Since the disclosure of integrated circuits by Dr. Jack Kilby of Texas Instruments in early years, scientists and engineers have made numerous disclosures and improvements in semiconductor devices and processes. Over 50 years, the dimension of semiconductors have been significantly reduced, which translates into an increasing processing speed and decreasing power consumption. To date, the development of semiconductors has largely followed Moore's Law, which roughly states that the number of transistors in dense integrated circuits doubles about every two years. At present, semiconductor processes are developing toward below 20 nm, and some companies are embarking on 14 nm processes. Just to provide a reference herein, a silicon atom is about 0.2 nm, which means that the distance between two separate components manufactured by a 20 nm process is about only one hundred silicon atoms.

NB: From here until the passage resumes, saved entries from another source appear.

lemma c_VR_le:
  assumes "0 \<le> r" "continuous_map (top_of_set S) (vr_top T r) g"
    "\<And>x. x \<in> S \<Longrightarrow> g (- x) = vr_antipode (g x)"
  shows "c_VR S T \<le> r"
  unfolding c_VR_def using assms by (intro cInf_lower bdd_belowI[of _ 0]) auto

lemma Phi_swap: "Phi f (b, a) = - Phi f (a, b)"
  unfolding Phi_def by (simp add: norm_minus_commute) (metis minus_diff_eq scaleR_minus_right)

lemma norm_Phi: "f a \<noteq> f b \<Longrightarrow> norm (Phi f (a, b)) = 1"
  by (simp add: Phi_def)

lemma sdist_le_pi:
  assumes "norm u = 1" "norm v = 1"
  shows "sdist u v \<le> pi"
proof -
  have "\<bar>u \<bullet> v\<bar> \<le> 1"
    using Cauchy_Schwarz_ineq2[of u v] assms by simp
  then show ?thesis
    unfolding sdist_def by (intro arccos_ubound) auto
qed

lemma topspace_conf2:
  "topspace (conf2 X) = {p. fst p \<in> topspace X \<and> snd p \<in> topspace X \<and> fst p \<noteq> snd p}"
  by (auto simp: conf2_def)

lemma c_VR_le_alpha:
  fixes f :: "'a::real_normed_vector \<Rightarrow> 'b::real_inner"
  assumes "compact S" "uminus ` S \<subseteq> S"
    and antipodal: "continuous_map (top_of_set S) (conf2 X) (\<lambda>x. (x, - x))"
    and inj: "inj_on f (topspace X)"
  shows "c_VR S (sphere (0::'b) 1) \<le> alpha X f"
  unfolding alpha_def modulus_def
proof (rule cInf_greatest)
  have unit: "norm (Phi f u) = 1" if "u \<in> topspace (conf2 X)" for u
    using that inj norm_Phi[of f "fst u" "snd u"] by (auto simp: topspace_conf2 inj_on_def)
  then show "{\<delta>. 0 \<le> \<delta> \<and> (\<forall>x\<in>topspace (conf2 X). \<exists>U. openin (conf2 X) U \<and> x \<in> U \<and>
      (\<forall>u\<in>U. \<forall>v\<in>U. sdist (Phi f u) (Phi f v) \<le> \<delta>))} \<noteq> {}"
    by (intro ex_in_conv[THEN iffD1] exI[of _ pi]) (auto intro!: exI[of _ "topspace (conf2 X)"] sdist_le_pi)
  fix \<delta> assume "\<delta> \<in> {\<delta>. 0 \<le> \<delta> \<and> (\<forall>x\<in>topspace (conf2 X). \<exists>U. openin (conf2 X) U \<and> x \<in> U \<and>
      (\<forall>u\<in>U. \<forall>v\<in>U. sdist (Phi f u) (Phi f v) \<le> \<delta>))}"
  then have "0 \<le> \<delta>" and small: "\<And>x. x \<in> topspace (conf2 X) \<Longrightarrow> \<exists>U. openin (conf2 X) U \<and> x \<in> U \<and>
      (\<forall>u\<in>U. \<forall>v\<in>U. sdist (Phi f u) (Phi f v) \<le> \<delta>)"
    by auto
  define h where "h x = Phi f (x, - x)" for x
  have pair: "(x, - x) \<in> topspace (conf2 X)" if "x \<in> S" for x
    using antipodal that by (auto simp: continuous_map_def)
  have sphere: "h ` S \<subseteq> sphere 0 1"
    using unit pair by (auto simp: h_def)
  have odd: "h (- x) = - h x" for x
    using Phi_swap by (simp add: h_def)
  have local: "\<exists>V. open V \<and> x \<in> V \<and> (\<forall>p\<in>S \<inter> V. \<forall>q\<in>S \<inter> V. sdist (h p) (h q) \<le> \<delta>)"
    if x: "x \<in> S" for x
  proof -
    obtain U where U: "openin (conf2 X) U" "(x, - x) \<in> U"
      "\<forall>u\<in>U. \<forall>v\<in>U. sdist (Phi f u) (Phi f v) \<le> \<delta>"
      using small[OF pair[OF x]] by blast
    have "openin (top_of_set S) {y \<in> S. (y, - y) \<in> U}"
      using openin_continuous_map_preimage[OF antipodal U(1)] by simp
    then obtain V where "open V" "{y \<in> S. (y, - y) \<in> U} = S \<inter> V"
      by (auto simp: openin_open)
    then show ?thesis
      using x U(2,3) by (intro exI[of _ V]) (auto simp: h_def)
  qed
  obtain g where "continuous_map (top_of_set S) (vr_top (sphere (0::'b) 1) \<delta>) g"
    "\<And>x. x \<in> S \<Longrightarrow> g (- x) = vr_antipode (g x)"
    using odd_map_to_vr_top[OF assms(1,2) sphere odd local] by blast
  then show "c_VR S (sphere (0::'b) 1) \<le> \<delta>"
    using \<open>0 \<le> \<delta>\<close> by (rule c_VR_le[rotated])
qed

lemma eq_neg_self_iff: "(x::'a::real_vector) = - x \<longleftrightarrow> x = 0"
  by (metis add.right_inverse minus_zero scaleR_2 scaleR_eq_0_iff zero_neq_numeral)

lemma continuous_map_antipodal_conf2:
  fixes S :: "'a::real_normed_vector set"
  assumes "S \<subseteq> T" "uminus ` S \<subseteq> T" "0 \<notin> S"
  shows "continuous_map (top_of_set S) (conf2 (top_of_set T)) (\<lambda>x. (x, - x))"
  unfolding conf2_def
proof (rule continuous_map_into_subtopology)
  show "continuous_map (top_of_set S) (prod_topology (top_of_set T) (top_of_set T)) (\<lambda>x. (x, - x))"
    using assms(1,2) unfolding continuous_map_paired
    by (auto intro!: continuous_map_into_subtopology continuous_on_id continuous_on_minus)
  show "(\<lambda>x. (x, - x)) \<in> topspace (top_of_set S) \<rightarrow>
      {p. fst p \<in> topspace (top_of_set T) \<and> snd p \<in> topspace (top_of_set T) \<and> fst p \<noteq> snd p}"
    using assms by (auto simp: eq_neg_self_iff)
qed

theorem corollary3p6:
  fixes k d :: nat
  assumes "DIM('a::euclidean_space) = k + 1"
    and "DIM('b::euclidean_space) = d"
    and "d \<ge> 1" and "k \<ge> d - 1"
  shows "(\<forall>f :: 'a \<Rightarrow> 'b. inj f \<longrightarrow>
            alpha euclidean f \<ge> c_VR (sphere (0::'a) 1) (sphere (0::'b) 1))
       \<and> (\<forall>f :: 'a \<Rightarrow> 'b. inj_on f (sphere 0 1) \<longrightarrow>
            alpha (subtopology euclidean (sphere 0 1)) f \<ge> c_VR (sphere (0::'a) 1) (sphere (0::'b) 1))"
proof (intro conjI allI impI)
  have sphere: "compact (sphere (0::'a) 1)" "uminus ` sphere (0::'a) 1 \<subseteq> sphere 0 1"
    "0 \<notin> sphere (0::'a) 1"
    by auto
  fix f :: "'a \<Rightarrow> 'b"
  show "alpha euclidean f \<ge> c_VR (sphere (0::'a) 1) (sphere (0::'b) 1)" if "inj f"
    using c_VR_le_alpha[OF sphere(1,2) continuous_map_antipodal_conf2[of _ UNIV]] sphere(3) that
    by simp
  show "alpha (subtopology euclidean (sphere 0 1)) f \<ge> c_VR (sphere (0::'a) 1) (sphere (0::'b) 1)"
    if "inj_on f (sphere 0 1)"
    using c_VR_le_alpha[OF sphere(1,2) continuous_map_antipodal_conf2[OF order_refl sphere(2,3)]] that
    by simp
qed

end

Semiconductor device manufacturing has therefore become increasingly challenging and advancing toward the physically possible limit. One of recent developments in semiconductor technologies has been the use of silicon germanium (SiGe) in semiconductor manufacturing. With the evolution of integrated circuit developments, the functional densities (for example, the number of interconnects per chip region) are also generally increasing as geometries (that is, the smallest elements or lines that can be produced using a process) are reduced. This downsizing process can often offer benefits by increasing productivity and lowering related costs. However, it is challenging how to design a reasonable transistor structure to reduce its volume.

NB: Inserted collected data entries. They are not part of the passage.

section \<open>The affine group of a finite field\<close>

lemma (in field) inv_nonzero:
  assumes "a \<in> carrier R - {\<zero>}"
  shows "inv a \<in> carrier R - {\<zero>}" and "inv a \<otimes> a = \<one>" and "a \<otimes> inv a = \<one>"
proof -
  have a: "a \<in> Units R" using assms field_Units by simp
  then show "inv a \<in> carrier R - {\<zero>}" using Units_inv_Units field_Units by blast
  show "inv a \<otimes> a = \<one>" and "a \<otimes> inv a = \<one>" using a by simp_all
qed

text \<open>The pair \<open>(a, b)\<close> stands for the affine map \<open>x \<mapsto> a x + b\<close>; the product is composition.\<close>

definition affine_group :: "('a, 'b) ring_scheme \<Rightarrow> ('a \<times> 'a) monoid" where
  "affine_group R =
     \<lparr>carrier = (carrier R - {\<zero>\<^bsub>R\<^esub>}) \<times> carrier R,
      monoid.mult = (\<lambda>(a, b) (c, d). (a \<otimes>\<^bsub>R\<^esub> c, a \<otimes>\<^bsub>R\<^esub> d \<oplus>\<^bsub>R\<^esub> b)),
      one = (\<one>\<^bsub>R\<^esub>, \<zero>\<^bsub>R\<^esub>)\<rparr>"

lemma affine_group_simps [simp]:
  "carrier (affine_group R) = (carrier R - {\<zero>\<^bsub>R\<^esub>}) \<times> carrier R"
  "(a, b) \<otimes>\<^bsub>affine_group R\<^esub> (c, d) = (a \<otimes>\<^bsub>R\<^esub> c, a \<otimes>\<^bsub>R\<^esub> d \<oplus>\<^bsub>R\<^esub> b)"
  "\<one>\<^bsub>affine_group R\<^esub> = (\<one>\<^bsub>R\<^esub>, \<zero>\<^bsub>R\<^esub>)"
  unfolding affine_group_def by simp_all

lemma (in field) affine_group_is_group: "group (affine_group R)"
proof (rule groupI)
  fix g h assume "g \<in> carrier (affine_group R)" and "h \<in> carrier (affine_group R)"
  then show "g \<otimes>\<^bsub>affine_group R\<^esub> h \<in> carrier (affine_group R)"
    by (cases g, cases h) (auto simp: integral_iff)
next
  fix f g h
  assume "f \<in> carrier (affine_group R)" "g \<in> carrier (affine_group R)" "h \<in> carrier (affine_group R)"
  then show "f \<otimes>\<^bsub>affine_group R\<^esub> g \<otimes>\<^bsub>affine_group R\<^esub> h =
      f \<otimes>\<^bsub>affine_group R\<^esub> (g \<otimes>\<^bsub>affine_group R\<^esub> h)"
    by (cases f, cases g, cases h) (simp add: m_assoc r_distr a_assoc)
next
  fix g assume g: "g \<in> carrier (affine_group R)"
  then show "\<one>\<^bsub>affine_group R\<^esub> \<otimes>\<^bsub>affine_group R\<^esub> g = g" by (cases g) simp
  obtain a b where ab: "g = (a, b)" "a \<in> carrier R - {\<zero>}" "b \<in> carrier R" using g by auto
  then have "inv a \<in> carrier R - {\<zero>}" "inv a \<otimes> a = \<one>" using inv_nonzero by simp_all
  then show "\<exists>h\<in>carrier (affine_group R). h \<otimes>\<^bsub>affine_group R\<^esub> g = \<one>\<^bsub>affine_group R\<^esub>"
    using ab by (intro bexI[of _ "(inv a, \<ominus> (inv a \<otimes> b))"]) (auto simp: r_neg)
qed (simp add: one_not_zero)

text \<open>The affine map \<open>g\<close> sends \<open>0 \<mapsto> snd g\<close> and \<open>1 \<mapsto> fst g + snd g\<close>; since the affine group acts
  regularly on ordered pairs of distinct points, recording the image of \<open>(0, 1)\<close> is a bijection.\<close>

definition affine_flag :: "('a, 'b) ring_scheme \<Rightarrow> ('a \<Rightarrow> 'c) \<Rightarrow> 'a \<times> 'a \<Rightarrow> 'c set set" where
  "affine_flag R \<gamma> g = flag (\<gamma> (snd g)) (\<gamma> (fst g \<oplus>\<^bsub>R\<^esub> snd g))"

Currently in integrated circuits, a smallest memory cell typically includes a memory transistor and a select transistor matching with the memory transistor, and the memory transistor portion has an SONOS (Silicon (gate)-Oxide-Nitride-Oxide-Silicon (substrate)) structure, and the select transistor portion is a conventional MOS tube. In the prior art, as shown in FIG. 1, a conventional smallest memory cell generally consists of a conventional nMOS transistor (select transistor) formed on a P-type well and an SONOS memory transistor formed on a memory well respectively, and includes an N-type semiconductor substrate 101, a select transistor P-type well 102, a memory transistor P-type well 103, a select gate 105 isolated from the select transistor well 102 by an oxide layer 104, and a memory gate 107 isolated from the memory transistor well 103 by an ONO layer 106.

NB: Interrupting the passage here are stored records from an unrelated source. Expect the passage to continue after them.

(* Let $\Phi$ be an automorphism of $\Theta^0(\mathcal V)$ satisfying both of the following: (1) $\Phi(A)=A$ for every object $A$; (2) $s_A(x)=x$ for every object $A$ and every $x\in X_A$. Let $\omega$ be a basic operation symbol of arity $k\ge1$. Let $A$ be an object with basis $X_A=\{x_1,\dots,x_n\}$, where $n\ge k$. Put $\tilde w=s_A(\omega_A(x_1,\dots,x_k))\in A$. For each object $B$ and $b_1,\dots,b_k\in B$, define $$\tilde\omega_B(b_1,\dots,b_k)=\nu(\tilde w),$$ where $\nu:A\to B$ is the homomorphism with $\nu(x_i)=b_i$ for $i\le k$ and $\nu(x_i)=b_k$ for $k<i\le n$. Thus $\tilde\omega_B$ is the term (polynomial) operation on $B$ given by the term $\tilde w$. Then for every object $B$ and all $b_1,\dots,b_k\in B$, $$s_B(\omega_B(b_1,\dots,b_k))=\tilde\omega_B(s_B(b_1),\dots,s_B(b_k)).$$ That is, $s_B$ is an isomorphism of $B$ onto the algebra on the same set whose basic operations are the term operations $\tilde\omega_B$.
   Context: $\mathcal V$ is a variety of universal algebras, and $X_0$ is a fixed infinite set. $\Theta^0(\mathcal V)$ is the full subcategory of the category of $\mathcal V$-algebras whose objects are the free $\mathcal V$-algebras on finite subsets of $X_0$. Each object $A$ has a designated basis $X_A\subseteq X_0$. Among the objects is the free algebra $A_0$ on a single $x_0\in X_0$. For an object $A$ and $a\in A$, $\alpha^A_a:A_0\to A$ is the homomorphism with $x_0\mapsto a$. For an automorphism $\Phi$ fixing $A_0$, the main function is $s_A(a)=\Phi(\alpha^A_a)(x_0)$. Each $s_A$ is a bijection, and $\Phi(\mu)=s_B\circ\mu\circ s_A^{-1}$ for every morphism $\mu:A\to B$. For an operation symbol $\omega$, $\omega_A$ denotes the corresponding operation of $A$. *)

theory Defs
  imports Main "HOL-Library.FuncSet"
begin

text \<open>Terms over operation symbols of type 'f (with arity function ar) and
variables of type 'x (the type 'x plays the role of the set X0).\<close>

datatype ('f, 'x) trm = Var 'x | Fn 'f "('f, 'x) trm list"

fun wf_trm :: "('f \<Rightarrow> nat) \<Rightarrow> ('f, 'x) trm \<Rightarrow> bool" where
  "wf_trm ar (Var x) = True"
| "wf_trm ar (Fn f ts) = (length ts = ar f \<and> (\<forall>t\<in>set ts. wf_trm ar t))"

fun vars :: "('f, 'x) trm \<Rightarrow> 'x set" where
  "vars (Var x) = {x}"
| "vars (Fn f ts) = \<Union> (vars ` set ts)"

fun subst :: "('x \<Rightarrow> ('f, 'x) trm) \<Rightarrow> ('f, 'x) trm \<Rightarrow> ('f, 'x) trm" where
  "subst \<sigma> (Var x) = \<sigma> x"
| "subst \<sigma> (Fn f ts) = Fn f (map (subst \<sigma>) ts)"

text \<open>The variety V is given by a set E of identities. deriv ar E is
equational derivability from E (the fully invariant congruence generated by E
on well-formed terms); by Birkhoff's theorem it coincides with validity in V.\<close>

inductive deriv :: "('f \<Rightarrow> nat) \<Rightarrow> (('f, 'x) trm \<times> ('f, 'x) trm) set
    \<Rightarrow> ('f, 'x) trm \<Rightarrow> ('f, 'x) trm \<Rightarrow> bool"
  for ar E where
  drefl: "wf_trm ar t \<Longrightarrow> deriv ar E t t"
| dsym: "deriv ar E t u \<Longrightarrow> deriv ar E u t"
| dtrans: "deriv ar E t u \<Longrightarrow> deriv ar E u v \<Longrightarrow> deriv ar E t v"
| dcong: "length ts = ar f \<Longrightarrow> list_all2 (deriv ar E) ts us
           \<Longrightarrow> deriv ar E (Fn f ts) (Fn f us)"
| dax: "(l, r) \<in> E \<Longrightarrow> (\<forall>x. wf_trm ar (\<sigma> x))
           \<Longrightarrow> deriv ar E (subst \<sigma> l) (subst \<sigma> r)"
monos list_all2_mono

text \<open>Elements of free V-algebras: equivalence classes of terms.\<close>

definition cls :: "('f \<Rightarrow> nat) \<Rightarrow> (('f, 'x) trm \<times> ('f, 'x) trm) set
    \<Rightarrow> ('f, 'x) trm \<Rightarrow> ('f, 'x) trm set" where
  "cls ar E t = {u. deriv ar E t u}"

definition fcarrier :: "('f \<Rightarrow> nat) \<Rightarrow> (('f, 'x) trm \<times> ('f, 'x) trm) set
    \<Rightarrow> 'x set \<Rightarrow> ('f, 'x) trm set set" where
  "fcarrier ar E X = {cls ar E t | t. wf_trm ar t \<and> vars t \<subseteq> X}"

text \<open>The basic operation omega_A (independent of the algebra A).\<close>

definition opr :: "('f \<Rightarrow> nat) \<Rightarrow> (('f, 'x) trm \<times> ('f, 'x) trm) set
    \<Rightarrow> 'f \<Rightarrow> ('f, 'x) trm set list \<Rightarrow> ('f, 'x) trm set" where
  "opr ar E f cs = cls ar E (Fn f (map (\<lambda>c. SOME t. t \<in> c) cs))"

definition fhom :: "('f \<Rightarrow> nat) \<Rightarrow> (('f, 'x) trm \<times> ('f, 'x) trm) set
    \<Rightarrow> 'x set \<Rightarrow> 'x set \<Rightarrow> (('f, 'x) trm set \<Rightarrow> ('f, 'x) trm set) set" where
  "fhom ar E X Y = {h. h \<in> fcarrier ar E X \<rightarrow>\<^sub>E fcarrier ar E Y \<and>
     (\<forall>f cs. length cs = ar f \<longrightarrow> set cs \<subseteq> fcarrier ar E X \<longrightarrow>
        h (opr ar E f cs) = opr ar E f (map h cs))}"

text \<open>An automorphism of the category Theta^0(V): object map Fo (bijective on the
objects, i.e. finite subsets of X0) and morphism map Phi A B on hom(A,B), which is
functorial and bijective on each hom-set.\<close>

definition is_automorphism :: "('f \<Rightarrow> nat) \<Rightarrow> (('f, 'x) trm \<times> ('f, 'x) trm) set
    \<Rightarrow> ('x set \<Rightarrow> 'x set)
    \<Rightarrow> ('x set \<Rightarrow> 'x set \<Rightarrow> (('f, 'x) trm set \<Rightarrow> ('f, 'x) trm set)
                        \<Rightarrow> (('f, 'x) trm set \<Rightarrow> ('f, 'x) trm set)) \<Rightarrow> bool" where
  "is_automorphism ar E Fo Phi \<longleftrightarrow>
     bij_betw Fo {X. finite X} {X. finite X} \<and>
     (\<forall>A B. finite A \<longrightarrow> finite B \<longrightarrow>
        bij_betw (Phi A B) (fhom ar E A B) (fhom ar E (Fo A) (Fo B))) \<and>
     (\<forall>A B C g h. finite A \<longrightarrow> finite B \<longrightarrow> finite C \<longrightarrow>
        h \<in> fhom ar E A B \<longrightarrow> g \<in> fhom ar E B C \<longrightarrow>
        Phi A C (compose (fcarrier ar E A) g h)
          = compose (fcarrier ar E (Fo A)) (Phi B C g) (Phi A B h)) \<and>
     (\<forall>A. finite A \<longrightarrow>
        Phi A A (restrict id (fcarrier ar E A)) = restrict id (fcarrier ar E (Fo A)))"

definition alpha :: "('f \<Rightarrow> nat) \<Rightarrow> (('f, 'x) trm \<times> ('f, 'x) trm) set \<Rightarrow> 'x
    \<Rightarrow> 'x set \<Rightarrow> ('f, 'x) trm set \<Rightarrow> (('f, 'x) trm set \<Rightarrow> ('f, 'x) trm set)" where
  "alpha ar E x0 A a = (THE h. h \<in> fhom ar E {x0} A \<and> h (cls ar E (Var x0)) = a)"

definition mainfun :: "('f \<Rightarrow> nat) \<Rightarrow> (('f, 'x) trm \<times> ('f, 'x) trm) set
    \<Rightarrow> ('x set \<Rightarrow> 'x set \<Rightarrow> (('f, 'x) trm set \<Rightarrow> ('f, 'x) trm set)
                        \<Rightarrow> (('f, 'x) trm set \<Rightarrow> ('f, 'x) trm set))
    \<Rightarrow> 'x \<Rightarrow> 'x set \<Rightarrow> ('f, 'x) trm set \<Rightarrow> ('f, 'x) trm set" where
  "mainfun ar E Phi x0 A a = Phi {x0} A (alpha ar E x0 A a) (cls ar E (Var x0))"

end

theory Submission
  imports Defs
begin

text \<open>The main function is natural: \<open>s_B \<circ> \<mu> = \<Phi>(\<mu>) \<circ> s_A\<close> for every homomorphism
\<open>\<mu> : A \<rightarrow> B\<close>, because \<open>\<alpha>^B_(\<mu> a) = \<mu> \<circ> \<alpha>^A_a\<close> and \<open>\<Phi>\<close> is a functor fixing \<open>A_0\<close>.
Take \<open>\<mu>\<close> with \<open>\<mu>(x_i) = b_min(i,k)\<close>. Since \<open>s_A\<close> fixes the basis of \<open>A\<close>, naturality
gives \<open>\<Phi>(\<mu>)(x_i) = s_B(b_min(i,k)) = \<nu>(x_i)\<close>, hence \<open>\<Phi>(\<mu>) = \<nu>\<close>. As \<open>\<mu>\<close> maps
\<open>\<omega>_A(x_1,\<dots>,x_k)\<close> to \<open>\<omega>_B(b_1,\<dots>,b_k)\<close>, naturality at this element is the claim.\<close>

lemma wf_subst: "wf_trm ar t \<Longrightarrow> \<forall>x. wf_trm ar (\<sigma> x) \<Longrightarrow> wf_trm ar (subst \<sigma> t)"
  by (induction t) auto

lemma subst_subst: "subst \<sigma> (subst \<tau> t) = subst (\<lambda>x. subst \<sigma> (\<tau> x)) t"
  by (induction t) auto

lemma vars_subst: "vars (subst \<sigma> t) = (\<Union>x\<in>vars t. vars (\<sigma> x))"
  by (induction t) auto

lemma deriv_subst:
  "deriv ar E t u \<Longrightarrow> \<forall>x. wf_trm ar (\<sigma> x) \<Longrightarrow> deriv ar E (subst \<sigma> t) (subst \<sigma> u)"
proof (induction rule: deriv.induct)
  case (drefl t)
  then show ?case by (simp add: deriv.drefl wf_subst)
next
  case (dsym t u)
  then show ?case by (simp add: deriv.dsym)
next
  case (dtrans t u v)
  then show ?case by (meson deriv.dtrans)
next
  case (dcong ts f us)
  then show ?case
    by (auto intro!: deriv.dcong simp: list_all2_map1 list_all2_map2 elim: list_all2_mono)
next
  case (dax l r \<tau>)
  then show ?case by (simp add: subst_subst deriv.dax wf_subst)
qed

lemma cls_self: "wf_trm ar t \<Longrightarrow> t \<in> cls ar E t"
  by (simp add: cls_def deriv.drefl)

lemma cls_eq: "deriv ar E t u \<Longrightarrow> cls ar E t = cls ar E u"
  unfolding cls_def by (auto intro: deriv.dtrans deriv.dsym)

lemma cls_eqD: "wf_trm ar t \<Longrightarrow> cls ar E t = cls ar E u \<Longrightarrow> deriv ar E t u"
  using cls_self[of ar t E] unfolding cls_def by (auto intro: deriv.dsym)

lemma cls_in_fcarrier: "wf_trm ar t \<Longrightarrow> vars t \<subseteq> X \<Longrightarrow> cls ar E t \<in> fcarrier ar E X"
  unfolding fcarrier_def by blast

lemma opr_cls:
  assumes "\<forall>t\<in>set ts. wf_trm ar t" "length ts = ar f"
  shows "opr ar E f (map (cls ar E) ts) = cls ar E (Fn f ts)"
proof -
  have "deriv ar E t (SOME u. u \<in> cls ar E t)" if "t \<in> set ts" for t
  proof -
    have "t \<in> cls ar E t" using assms(1) that by (simp add: cls_self)
    then have "(SOME u. u \<in> cls ar E t) \<in> cls ar E t" by (rule someI)
    then show ?thesis by (simp add: cls_def)
  qed
  then have "deriv ar E (Fn f ts) (Fn f (map (\<lambda>c. SOME u. u \<in> c) (map (cls ar E) ts)))"
    using assms(2) by (auto intro!: deriv.dcong simp: list_all2_conv_all_nth)
  then show ?thesis unfolding opr_def by (simp add: cls_eq)
qed

definition rep :: "('f \<Rightarrow> nat) \<Rightarrow> (('f, 'x) trm \<times> ('f, 'x) trm) set \<Rightarrow> 'x set
    \<Rightarrow> ('f, 'x) trm set \<Rightarrow> ('f, 'x) trm" where
  "rep ar E X c = (SOME t. wf_trm ar t \<and> vars t \<subseteq> X \<and> c = cls ar E t)"

lemma rep_spec:
  "c \<in> fcarrier ar E X \<Longrightarrow>
     wf_trm ar (rep ar E X c) \<and> vars (rep ar E X c) \<subseteq> X \<and> c = cls ar E (rep ar E X c)"
  unfolding rep_def fcarrier_def by (rule someI_ex) blast

lemma fcarrier_list_cls:
  assumes "set cs \<subseteq> fcarrier ar E X"
  shows "\<exists>ts. cs = map (cls ar E) ts \<and> (\<forall>t\<in>set ts. wf_trm ar t \<and> vars t \<subseteq> X)"
proof (intro exI conjI)
  show "cs = map (cls ar E) (map (rep ar E X) cs)"
    unfolding map_map by (rule map_idI[symmetric]) (use assms rep_spec[of _ ar E X] in auto)
  show "\<forall>t\<in>set (map (rep ar E X) cs). wf_trm ar t \<and> vars t \<subseteq> X"
    using assms rep_spec[of _ ar E X] by auto
qed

As can be seen from FIG. 1, there is a large gap between the select gate 105 and the memory gate 107 in the conventional transistor with the SONOS structure. As semiconductor processes have become increasingly demanding on critical dimensions (CDs), the volume of elements is expected to decrease correspondingly. Therefore, there is an urgent need for a reasonable and simple manufacturing process to manufacture a small-dimension transistor with an SONOS structure, so that the small-dimension transistor with an SONOS structure can adapt to different work requirements as a smallest memory cell.